Unfortunately, this new found provincial co-operation was met with a blunt rejection by the federal government. Just like the countries attending the various international climate change talks, the provinces are learning how the Harper administration can sabotage positive efforts to improve conditions, be they controlling carbon emissions or enhancing retirement security for Canadians.

Canada’s future retirees face a crisis because the pension stool’s workplace pension leg has largely collapsed for most people in today’s private sector workforce, especially younger workers. Only 24% (28% a decade ago) of the current private sector labour force contributes to employer based pension plans. A decade ago, 74% of private sector pension plans were Defined Benefit (DB) plans, today they are below 51%. The problem is not that public sector workers have decent pensions, it is that 75% of private sector workers don’t. Remember, DB plans are the only plans that establish a workers right to collect a portion of their income as a deferred salary or pension upon retirement.

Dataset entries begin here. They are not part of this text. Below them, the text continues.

lemma loop_measure_push:
  assumes "j \<le> m - 3" and "a j = 0"
  shows "loop_measure (a(j := 1)) j' < loop_measure a j"
proof -
  define Z where "Z = {i. i \<le> m - 3 \<and> a i = 0}"
  have "{i. i \<le> m - 3 \<and> (a(j := 1)) i = 0} = Z - {j}"
    unfolding Z_def by auto
  moreover have "finite Z" and "j \<in> Z"
    unfolding Z_def using assms by auto
  ultimately have "card Z = Suc (card {i. i \<le> m - 3 \<and> (a(j := 1)) i = 0})"
    by (metis card_Suc_Diff1)
  then show ?thesis
    unfolding loop_measure_def Z_def[symmetric] using m_ge_3 by simp
qed

lemma block_loop_inv:
  assumes "\<forall>i \<le> m - 3. 0 \<le> v i" and "\<forall>i<k. block_j s t m v c i \<noteq> m - 2"
  shows "loop_inv v (block_a s t m v c k) (block_j s t m v c k)"
  using assms(2)
proof (induction k)
  case 0
  then show ?case
    using loop_inv_init[OF assms(1)] by (simp add: block_a_0 block_j_0)
next
  case (Suc k)
  then have inv: "loop_inv v (block_a s t m v c k) (block_j s t m v c k)"
    by simp
  moreover have "block_j s t m v c k \<le> m - 3"
    using loop_inv_running[OF inv] Suc.prems by simp
  ultimately show ?case
    using loop_inv_push loop_inv_skip by (simp only: block_a_Suc block_j_Suc split: if_split) simp
qed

Defined Benefit Plans vs. Defined Contribution

Plans Too many private sector employers have used every economic challenge as an opportunity to abandon their defined benefit pension plans. (Never waste a crisis.) Sometimes they froze their DB plans (affecting some 480,000 employees since 2004) and converted employees’ future earnings to the lesser Defined Contribution (DC) pension plans, creating what the statisticians call hybrid plans. DB plans are much more efficient than DC plans in that they produce significantly higher pensions for the same contributions, yet DC plans get the same tax support.

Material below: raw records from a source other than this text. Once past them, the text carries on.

(* Let $k\in\mathbb N$, $n=8k$, $|G\rangle$ the $n$-qubit fully-connected graph state, $\rho=\mathcal E^{\otimes n}(|G\rangle\langle G|)$ with $\mathcal E$ the depolarizing channel of error probability $p$, $F=\langle G|\rho|G\rangle$ and $F_{\rm est}=(1-\tfrac43p)^{6k}$. Then for all $0\le p\le3/4$, $$0\le F-F_{\rm est}<\frac12\Big(1-\frac1{8k}\Big)\Big(1-\frac1{4k}\Big)^{8k-2}+\frac12\Big(\frac23\Big)^{8k}+\frac1{3k},$$ and the right-hand side decreases monotonically in $k$ and converges to $1/(2e^2)$ as $k\to\infty$.
   Context: Graph state $|G\rangle=\big(\prod_{(i,j)\in E}CZ_{i,j}\big)|+\rangle^{\otimes n}$; the fully-connected graph has an edge between every pair of distinct vertices. Depolarizing channel: $\mathcal E(\cdot)=(1-p)(\cdot)+\frac p3[X(\cdot)X+Y(\cdot)Y+Z(\cdot)Z]$, applied independently to each qubit. *)

theory Defs
  imports Complex_Main
begin

text \<open>n-qubit states: computational basis states are indexed by subsets x of {..<n}
  (x = set of qubits in state |1>). Vectors: nat set => complex; operators / density
  matrices: nat set => nat set => complex (row index, column index).\<close>

definition basis :: "nat \<Rightarrow> nat set set" where
  "basis n = Pow {..<n}"

definition plus_state :: "nat \<Rightarrow> nat set \<Rightarrow> complex" where
  "plus_state n x = complex_of_real (1 / sqrt (2 ^ n))"

definition cz :: "nat \<Rightarrow> nat \<Rightarrow> (nat set \<Rightarrow> complex) \<Rightarrow> nat set \<Rightarrow> complex" where
  "cz i j \<psi> x = (if i \<in> x \<and> j \<in> x then - \<psi> x else \<psi> x)"

definition graph_state :: "nat \<Rightarrow> (nat \<times> nat) list \<Rightarrow> nat set \<Rightarrow> complex" where
  "graph_state n E = fold (\<lambda>(i, j) \<psi>. cz i j \<psi>) E (plus_state n)"

definition complete_edges :: "nat \<Rightarrow> (nat \<times> nat) list" where
  "complete_edges n = concat (map (\<lambda>i. map (\<lambda>j. (i, j)) [Suc i..<n]) [0..<n])"

definition pure_dm :: "(nat set \<Rightarrow> complex) \<Rightarrow> nat set \<Rightarrow> nat set \<Rightarrow> complex" where
  "pure_dm \<psi> x y = \<psi> x * cnj (\<psi> y)"

text \<open>Single-qubit Pauli matrices, indexed by (output bit, input bit);
  1 = X, 2 = Y, 3 = Z, anything else = identity.\<close>
definition pauli :: "nat \<Rightarrow> bool \<Rightarrow> bool \<Rightarrow> complex" where
  "pauli s a b =
     (if s = 1 then (if a \<noteq> b then 1 else 0)
      else if s = 2 then (if a \<and> \<not> b then \<i> else if \<not> a \<and> b then - \<i> else 0)
      else if s = 3 then (if a = b then (if a then -1 else 1) else 0)
      else (if a = b then 1 else 0))"

definition local_op :: "nat \<Rightarrow> (bool \<Rightarrow> bool \<Rightarrow> complex) \<Rightarrow> nat set \<Rightarrow> nat set \<Rightarrow> complex" where
  "local_op q M x y = (if x - {q} = y - {q} then M (q \<in> x) (q \<in> y) else 0)"

definition conj_by :: "nat \<Rightarrow> (nat set \<Rightarrow> nat set \<Rightarrow> complex) \<Rightarrow> (nat set \<Rightarrow> nat set \<Rightarrow> complex)
    \<Rightarrow> nat set \<Rightarrow> nat set \<Rightarrow> complex" where
  "conj_by n A \<rho> x y = (\<Sum>u\<in>basis n. \<Sum>v\<in>basis n. A x u * \<rho> u v * cnj (A y v))"

definition depol :: "real \<Rightarrow> nat \<Rightarrow> nat \<Rightarrow> (nat set \<Rightarrow> nat set \<Rightarrow> complex) \<Rightarrow> nat set \<Rightarrow> nat set \<Rightarrow> complex" where
  "depol p n q \<rho> x y = complex_of_real (1 - p) * \<rho> x y
      + complex_of_real (p / 3) * (\<Sum>s\<in>{1,2,3}. conj_by n (local_op q (pauli s)) \<rho> x y)"

definition depol_all :: "real \<Rightarrow> nat \<Rightarrow> (nat set \<Rightarrow> nat set \<Rightarrow> complex) \<Rightarrow> nat set \<Rightarrow> nat set \<Rightarrow> complex" where
  "depol_all p n \<rho> = fold (depol p n) [0..<n] \<rho>"

definition expval :: "nat \<Rightarrow> (nat set \<Rightarrow> complex) \<Rightarrow> (nat set \<Rightarrow> nat set \<Rightarrow> complex) \<Rightarrow> complex" where
  "expval n \<psi> \<rho> = (\<Sum>x\<in>basis n. \<Sum>y\<in>basis n. cnj (\<psi> x) * \<rho> x y * \<psi> y)"

definition fidelity_full :: "nat \<Rightarrow> real \<Rightarrow> complex" where
  "fidelity_full n p =
     (let G = graph_state n (complete_edges n) in expval n G (depol_all p n (pure_dm G)))"

definition F_est :: "nat \<Rightarrow> real \<Rightarrow> real" where
  "F_est k p = (1 - 4/3 * p) ^ (6 * k)"

definition bound7 :: "nat \<Rightarrow> real" where
  "bound7 k = 1/2 * (1 - 1 / (8 * real k)) * (1 - 1 / (4 * real k)) ^ (8 * k - 2)
             + 1/2 * (2/3) ^ (8 * k) + 1 / (3 * real k)"

end

theory Submission
  imports Defs "HOL-Real_Asymp.Real_Asymp" "HOL-Analysis.Complex_Transcendental"
begin

text \<open>Identify a basis state with the set x of qubits in state 1. The complete graph state
  has amplitude (-1)^(|x| choose 2) / sqrt (2^n) at x, so flipping qubit q in both indices
  of its density matrix multiplies the entry (x, y) by (-1)^|x \<triangle> y|. Consequently each
  single-qubit depolarizing channel acts diagonally on the entries, and after all n of them
  the entry (x, y) is damped by c^|x \<triangle> y| if |x \<triangle> y| is even and by c^n if it is odd,
  where c = 1 - 4p/3. Summing over x and y gives
  F = (((1 + c)/2)^n + ((1 - c)/2)^n + c^n) / 2.

  For n = 8k the lower bound F \<ge> c^(6k) is AM-GM together with c \<le> ((1 + c)/2)^2.
  For the upper bound, convexity gives ((1 + c)/2)^k \<le> (1 + c^k)/2, which reduces the
  claim to a polynomial inequality in y = c^k on [0, 1], bounded by 1/16 \<le> exp(-2)/2.
  The leading term of the bound is exp (\<psi>(1/(4k)))/2 for a function \<psi> that is
  increasing on (0, 1/4], so it decreases in k towards its limit exp(-2)/2.\<close>

lemma card_ordered_pairs:
  fixes A :: "'a::linorder set"
  assumes "finite A"
  shows "card {(i, j). i \<in> A \<and> j \<in> A \<and> i < j} = card A choose 2"
proof -
  have "bij_betw (\<lambda>(i, j). {i, j}) {(i, j). i \<in> A \<and> j \<in> A \<and> i < j} {K. K \<subseteq> A \<and> card K = 2}"
  proof (rule bij_betw_imageI)
    show "inj_on (\<lambda>(i, j). {i, j}) {(i, j). i \<in> A \<and> j \<in> A \<and> i < j}"
      by (auto simp: inj_on_def doubleton_eq_iff)
    show "(\<lambda>(i, j). {i, j}) ` {(i, j). i \<in> A \<and> j \<in> A \<and> i < j} = {K. K \<subseteq> A \<and> card K = 2}"
    proof (intro equalityI subsetI)
      fix K assume "K \<in> {K. K \<subseteq> A \<and> card K = 2}"
      then obtain i j where "K = {i, j}" "i \<noteq> j" "i \<in> A" "j \<in> A"
        by (auto simp: card_2_iff)
      then have "K = {min i j, max i j}" "min i j < max i j" "min i j \<in> A" "max i j \<in> A"
        by (auto simp: min_def max_def)
      then show "K \<in> (\<lambda>(i, j). {i, j}) ` {(i, j). i \<in> A \<and> j \<in> A \<and> i < j}"
        by (auto intro!: image_eqI[where x="(min i j, max i j)"])
    qed auto
  qed
  then show ?thesis using n_subsets[OF assms, of 2] by (simp add: bij_betw_same_card)
qed

lemma sum_Pow_power_card:
  fixes z :: "'a::comm_semiring_1"
  assumes "finite A"
  shows "(\<Sum>X\<in>Pow A. z ^ card X) = (1 + z) ^ card A"
  using prod_add[OF assms, of "\<lambda>_. z" "\<lambda>_. 1"] by (simp add: add.commute)

lemma card_sym_diff:
  assumes "finite x" "finite y"
  shows "card x + card y = card (sym_diff x y) + 2 * card (x \<inter> y)"
proof -
  have "card (sym_diff x y) = card ((x \<union> y) - (x \<inter> y))"
    by (rule arg_cong[where f = card]) auto
  also have "\<dots> = card (x \<union> y) - card (x \<inter> y)"
    using assms by (intro card_Diff_subset) auto
  finally have "card (sym_diff x y) = card (x \<union> y) - card (x \<inter> y)" .
  moreover have "card (x \<inter> y) \<le> card (x \<union> y)"
    using assms by (intro card_mono) auto
  ultimately show ?thesis using card_Un_Int[OF assms] by simp
qed

lemma minus_one_power_card_sym_diff:
  "finite x \<Longrightarrow> finite y \<Longrightarrow> (-1::'a::ring_1) ^ card (sym_diff x y) = (-1) ^ (card x + card y)"
  by (simp add: card_sym_diff power_add power_mult)

lemma sum_Pow_sym_diff:
  assumes "x \<subseteq> A"
  shows "(\<Sum>y\<in>Pow A. f (sym_diff x y)) = (\<Sum>D\<in>Pow A. f D)"
  by (rule sum.reindex_bij_witness[of _ "sym_diff x" "sym_diff x"]) (use assms in auto)

subsection \<open>The complete graph state\<close>

lemma fold_cz_apply:
  "fold (\<lambda>(i, j) \<psi>. cz i j \<psi>) E \<psi> x
     = (-1) ^ length (filter (\<lambda>(i, j). i \<in> x \<and> j \<in> x) E) * \<psi> x"
proof (induction E arbitrary: \<psi>)
  case (Cons e E)
  then show ?case by (cases e) (simp add: cz_def)
qed simp

lemma length_filter_complete_edges:
  "length (filter (\<lambda>(i, j). i \<in> x \<and> j \<in> x) (complete_edges n)) = card (x \<inter> {..<n}) choose 2"
proof -
  define A where "A = x \<inter> {..<n}"
  have "length (filter (\<lambda>(i, j). i \<in> x \<and> j \<in> x) (complete_edges n))
      = (\<Sum>i<n. length (filter (\<lambda>(i, j). i \<in> x \<and> j \<in> x) (map (Pair i) [Suc i..<n])))"
    unfolding complete_edges_def
    by (simp add: filter_concat length_concat comp_def atLeast0LessThan
          flip: sum_set_upt_conv_sum_list_nat)
  also have "\<dots> = (\<Sum>i\<in>A. card {j \<in> A. i < j})"
  proof -
    have "length (filter (\<lambda>(i, j). i \<in> x \<and> j \<in> x) (map (Pair i) [Suc i..<n]))
        = (if i \<in> A then card {j \<in> A. i < j} else 0)" if "i < n" for i
    proof -
      have "{j \<in> A. i < j} = {j. j \<in> x} \<inter> set [Suc i..<n]" by (auto simp: A_def)
      then show ?thesis
        using that by (simp add: filter_map comp_def distinct_length_filter A_def)
    qed
    then show ?thesis
      by (simp add: sum.If_cases A_def Int_commute lessThan_def)
  qed
  also have "\<dots> = card (SIGMA i:A. {j \<in> A. i < j})"
    by (simp add: A_def)
  also have "(SIGMA i:A. {j \<in> A. i < j}) = {(i, j). i \<in> A \<and> j \<in> A \<and> i < j}"
    by auto
  finally show ?thesis using card_ordered_pairs[of A] unfolding A_def by simp
qed

definition clique_sign :: "nat set \<Rightarrow> complex" where
  "clique_sign x = (-1) ^ (card x choose 2)"

lemma complete_graph_state_apply:
  assumes "x \<in> basis n"
  shows "graph_state n (complete_edges n) x = clique_sign x * complex_of_real (1 / sqrt (2 ^ n))"
proof -
  have "x \<inter> {..<n} = x" using assms by (auto simp: basis_def)
  then show ?thesis
    by (simp add: graph_state_def fold_cz_apply length_filter_complete_edges clique_sign_def
        plus_state_def)
qed

lemma cnj_clique_sign [simp]: "cnj (clique_sign x) = clique_sign x"
  by (simp add: clique_sign_def)

lemma clique_sign_square [simp]: "clique_sign x * clique_sign x = 1"
  by (simp add: clique_sign_def flip: power_add mult_2 add: power_mult)

lemma clique_sign_insert:
  "finite x \<Longrightarrow> q \<notin> x \<Longrightarrow> clique_sign (insert q x) = (-1) ^ card x * clique_sign x"
  by (simp add: clique_sign_def numeral_2_eq_2 power_add)

definition flip_qubit :: "nat \<Rightarrow> nat set \<Rightarrow> nat set" where
  "flip_qubit q x = (if q \<in> x then x - {q} else insert q x)"

lemma flip_qubit_basis: "x \<in> basis n \<Longrightarrow> q < n \<Longrightarrow> flip_qubit q x \<in> basis n"
  by (auto simp: flip_qubit_def basis_def)

lemma flip_qubit_neq: "flip_qubit q x \<noteq> x"
  by (auto simp: flip_qubit_def)

lemma mem_flip_qubit: "q \<in> flip_qubit q x \<longleftrightarrow> q \<notin> x"
  by (auto simp: flip_qubit_def)

lemma flip_qubit_Diff: "flip_qubit q x - {q} = x - {q}"
  by (auto simp: flip_qubit_def)

lemma sym_diff_flip_qubit: "sym_diff (flip_qubit q x) (flip_qubit q y) = sym_diff x y"
  by (auto simp: flip_qubit_def)

lemma Diff_eq_flip_qubit: "x - {q} = u - {q} \<Longrightarrow> u = x \<or> u = flip_qubit q x"
  by (auto simp: flip_qubit_def)

lemma clique_sign_flip_qubit:
  assumes "finite x"
  shows "clique_sign (flip_qubit q x) = (-1) ^ card (x - {q}) * clique_sign x"
proof (cases "q \<in> x")
  case True
  then have "clique_sign x = (-1) ^ card (x - {q}) * clique_sign (x - {q})"
    using assms clique_sign_insert[of "x - {q}" q] by (simp add: insert_absorb)
  then have "(-1) ^ card (x - {q}) * clique_sign x = clique_sign (x - {q})"
    by (simp flip: power_add mult_2 add: power_mult)
  then show ?thesis using True by (simp add: flip_qubit_def)
qed (simp add: flip_qubit_def clique_sign_insert assms)

lemma pure_dm_complete_graph_state:
  assumes "x \<in> basis n" "y \<in> basis n"
  shows "pure_dm (graph_state n (complete_edges n)) x y = clique_sign x * clique_sign y / 2 ^ n"
proof -
  have "complex_of_real (1 / sqrt (2 ^ n)) * complex_of_real (1 / sqrt (2 ^ n)) = 1 / 2 ^ n"
    by (simp flip: of_real_mult)
  then show ?thesis
    using assms by (simp add: pure_dm_def complete_graph_state_apply algebra_simps)
qed

lemma pure_dm_complete_graph_state_flip_qubit:
  assumes "q < n" "x \<in> basis n" "y \<in> basis n" "q \<in> x \<longleftrightarrow> q \<in> y"
  shows "pure_dm (graph_state n (complete_edges n)) (flip_qubit q x) (flip_qubit q y)
       = (-1) ^ card (sym_diff x y) * pure_dm (graph_state n (complete_edges n)) x y"
proof -
  have fin: "finite (x - {q})" "finite (y - {q})"
    using assms(2,3) by (auto simp: basis_def intro: finite_subset)
  have "sym_diff x y = sym_diff (x - {q}) (y - {q})"
    using assms(4) by auto
  then have "(-1::complex) ^ card (sym_diff x y) = (-1) ^ card (x - {q}) * (-1) ^ card (y - {q})"
    using minus_one_power_card_sym_diff[OF fin] by (simp add: power_add)
  then show ?thesis
    using assms fin
    by (simp add: pure_dm_complete_graph_state flip_qubit_basis clique_sign_flip_qubit)
qed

In other cases, they just closed their DB plans and switched to DC plans where the member is at the complete mercy of the markets and DC plans usually more costly and have inferior professional investment services, or companies simply abandoned any kind of plan at all.

DC plans pay much lower pensions, which are subject to reductions once in pay when markets fall and rarely have any inflation protection. By abandoning DB pensions, the corporate sector is passing the buck to individuals and the government to care for today’s workers in their senior years. We know individuals are not picking up the slack, as only 32% of workers even contribute to RRSPs and their contributions remain low while debt levels soar to all time highs.

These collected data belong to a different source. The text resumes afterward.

(* Let $\mathsf{P}:\mathcal{B}(\mathbb{C})\to\mathcal{L}(\mathcal{H})$ be a phase shift covariant phase space observable whose angle margin is the canonical phase, i.e.\ $\mathsf{P}(\mathbb{R}_+\times\Theta)=\mathsf{E}_{\mathrm{can}}(\Theta)$ for all $\Theta\in\mathcal{B}([0,2\pi))$. Then its radial margin is trivial: there is a probability measure $\nu$ on $\mathbb{R}_+$ with $\mathsf{P}(X\times[0,2\pi))=\nu(X)I$ for all $X\in\mathcal{B}(\mathbb{R}_+)$.
   Context: $\mathcal{H}\simeq L^2(\mathbb{R})$ with number basis $\{|n\rangle\}$ and number operator $N$. $\mathbb{C}\simeq\mathbb{R}_+\times[0,2\pi)$ via polar coordinates, $X\times\Theta=\{re^{i\theta}:r\in X,\theta\in\Theta\}$; $\dot{+}$ is addition modulo $2\pi$. A phase shift covariant phase space observable is a POVM $\mathsf{P}$ on $\mathcal{B}(\mathbb{C})$ with $e^{i\theta N}\mathsf{P}(X\times\Theta)e^{-i\theta N}=\mathsf{P}(X\times(\Theta\dot{+}\theta))$ for all $X,\Theta,\theta$. The canonical phase is $\mathsf{E}_{\mathrm{can}}(\Theta)=\sum_{m,n=0}^\infty\frac{1}{2\pi}\int_\Theta e^{i(m-n)\theta}d\theta\,|m\rangle\langle n|$. *)

theory Defs
  imports "HOL-Probability.Probability"
begin

text \<open>Operators on H = L2(R) are represented by their matrix elements
  in the number basis: an operator T is given by (\<lambda>m n. <m|T|n>).
  A POVM on the Borel sets of C is thus a map P :: complex set => nat => nat => complex,
  P A m n = <m|P(A)|n>.\<close>

definition mod2pi :: "real \<Rightarrow> real" where
  "mod2pi t = t - 2 * pi * of_int \<lfloor>t / (2 * pi)\<rfloor>"

definition shift2pi :: "real set \<Rightarrow> real \<Rightarrow> real set" where
  "shift2pi \<Theta> \<theta> = (\<lambda>t. mod2pi (t + \<theta>)) ` \<Theta>"

definition polar_set :: "real set \<Rightarrow> real set \<Rightarrow> complex set" where
  "polar_set X \<Theta> = {complex_of_real r * cis t | r t. r \<in> X \<and> t \<in> \<Theta>}"

text \<open>P is a POVM on B(C): each P(A) (A Borel) is a positive operator (its quadratic form
  on finitely supported vectors is real and nonnegative), P(C) = I, and P is
  weakly sigma-additive. (Positivity together with normalization forces 0 <= P(A) <= I,
  so each P(A) is a bounded operator determined by these matrix elements.)\<close>
definition is_povm :: "(complex set \<Rightarrow> nat \<Rightarrow> nat \<Rightarrow> complex) \<Rightarrow> bool" where
  "is_povm P \<longleftrightarrow>
     (\<forall>A \<in> sets borel. \<forall>c :: nat \<Rightarrow> complex. \<forall>S. finite S \<longrightarrow>
        Im (\<Sum>i\<in>S. \<Sum>j\<in>S. cnj (c i) * c j * P A i j) = 0 \<and>
        Re (\<Sum>i\<in>S. \<Sum>j\<in>S. cnj (c i) * c j * P A i j) \<ge> 0)
   \<and> (\<forall>m n. P UNIV m n = (if m = n then 1 else 0))
   \<and> (\<forall>A :: nat \<Rightarrow> complex set. range A \<subseteq> sets borel \<longrightarrow> disjoint_family A \<longrightarrow>
        (\<forall>m n. (\<lambda>k. P (A k) m n) sums P (\<Union>k. A k) m n))"

text \<open>Phase shift covariance: e^{i theta N} P(X x Theta) e^{-i theta N} = P(X x (Theta +. theta)),
  in matrix elements: e^{i(m-n)theta} <m|P(X x Theta)|n> = <m|P(X x (Theta +. theta))|n>.\<close>
definition phase_covariant :: "(complex set \<Rightarrow> nat \<Rightarrow> nat \<Rightarrow> complex) \<Rightarrow> bool" where
  "phase_covariant P \<longleftrightarrow>
     (\<forall>X \<Theta> \<theta>. X \<in> sets borel \<longrightarrow> X \<subseteq> {0..} \<longrightarrow> \<Theta> \<in> sets borel \<longrightarrow> \<Theta> \<subseteq> {0..<2*pi} \<longrightarrow>
        (\<forall>m n. cis ((real m - real n) * \<theta>) * P (polar_set X \<Theta>) m n
               = P (polar_set X (shift2pi \<Theta> \<theta>)) m n))"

SeniorsAll the provinces know that most of today’s workers are facing a bleak retirement due to the collapse of the third leg on the pension stool, the employer based pension plans leg. They also know that enhancing the CPP will not negatively impact the economy today but will help support it when retirees have enough buying power to sustain some purchasing power as they age.

In a welcome return to playing a much more active role in the national policy stage, Ontario is picking up on the void created by the federal Conservatives.

Ontario’s Premier Wynne has announced a plan to create a new pension plan that could parallel the CPP to enable workers and their employers to supplement that third leg. She has announced a technical advisory board comprised of several widely respected experts in pensions policy to help develop an Ontario Retirement Security plan. Former PM Paul Martin is going to be an advisor on the issue as well and they have been asked to report later this spring.

Ontario has given some voice to opening up the process to other provinces to join in the talks. While it remains to be seen what will emerge through this effort, it is at least a glimmer of light on restoring more reliable pensions in the decades to come for today’s workers.